◆ **Aim of the task**:
Going from the line that contains "(\<forall>x\<in>K. ((\<lambda>y. (f" down to the last line in the listing below, reproduce every line exactly and include no others.

◆ **Information shown**:
****************************************
(* If $K\subseteq\mathbb{R}^d$ is a compact set with infinitely many connected components, then $(C^1(K),\|\cdot\|_{C^1(K)})$ is not complete.
   Context: $C^1(K)$ is the set of $f:K\to\mathbb{R}$ admitting a continuous derivative on $K$, i.e. a continuous $df:K\to\mathbb{R}^d$ with $\lim_{y\to x,\,y\in K\setminus\{x\}}\frac{f(y)-f(x)-\langle df(x),y-x\rangle}{|y-x|}=0$ for all $x\in K$. Its norm is $\|f\|_{C^1(K)}=\|f\|_K+\inf\{\|df\|_K: df \text{ a continuous derivative of } f \text{ on } K\}$, where $\|\cdot\|_K$ is the sup norm on $K$. *)

theory Defs
  imports "HOL-Analysis.Analysis"
begin

(* df is a continuous derivative of f on K (Whitney-style, relative to K).
   Note: "at x within K" already excludes the point x itself. *)
definition is_C1_deriv_on :: "'a::euclidean_space set \<Rightarrow> ('a \<Rightarrow> real) \<Rightarrow> ('a \<Rightarrow> 'a) \<Rightarrow> bool" where
  "is_C1_deriv_on K f df \<longleftrightarrow>
     continuous_on K df \<and>
     (\<forall>x\<in>K. ((\<lambda>y. (f y - f x - inner (df x) (y - x)) / norm (y - x)) \<longlongrightarrow> 0) (at x within K))"

definition C1 :: "'a::euclidean_space set \<Rightarrow> ('a \<Rightarrow> real) set" where
  "C1 K = {f. \<exists>df. is_C1_deriv_on K f df}"

definition sup_norm_on :: "'a set \<Rightarrow> ('a \<Rightarrow> 'b::real_normed_vector) \<Rightarrow> real" where
  "sup_norm_on K g = (SUP x\<in>K. norm (g x))"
****************************************
◆ **Answer for this exercise**:
     (\<forall>x\<in>K. ((\<lambda>y. (f y - f x - inner (df x) (y - x)) / norm (y - x)) \<longlongrightarrow> 0) (at x within K))"

definition C1 :: "'a::euclidean_space set \<Rightarrow> ('a \<Rightarrow> real) set" where
  "C1 K = {f. \<exists>df. is_C1_deriv_on K f df}"

definition sup_norm_on :: "'a set \<Rightarrow> ('a \<Rightarrow> 'b::real_normed_vector) \<Rightarrow> real" where
  "sup_norm_on K g = (SUP x\<in>K. norm (g x))"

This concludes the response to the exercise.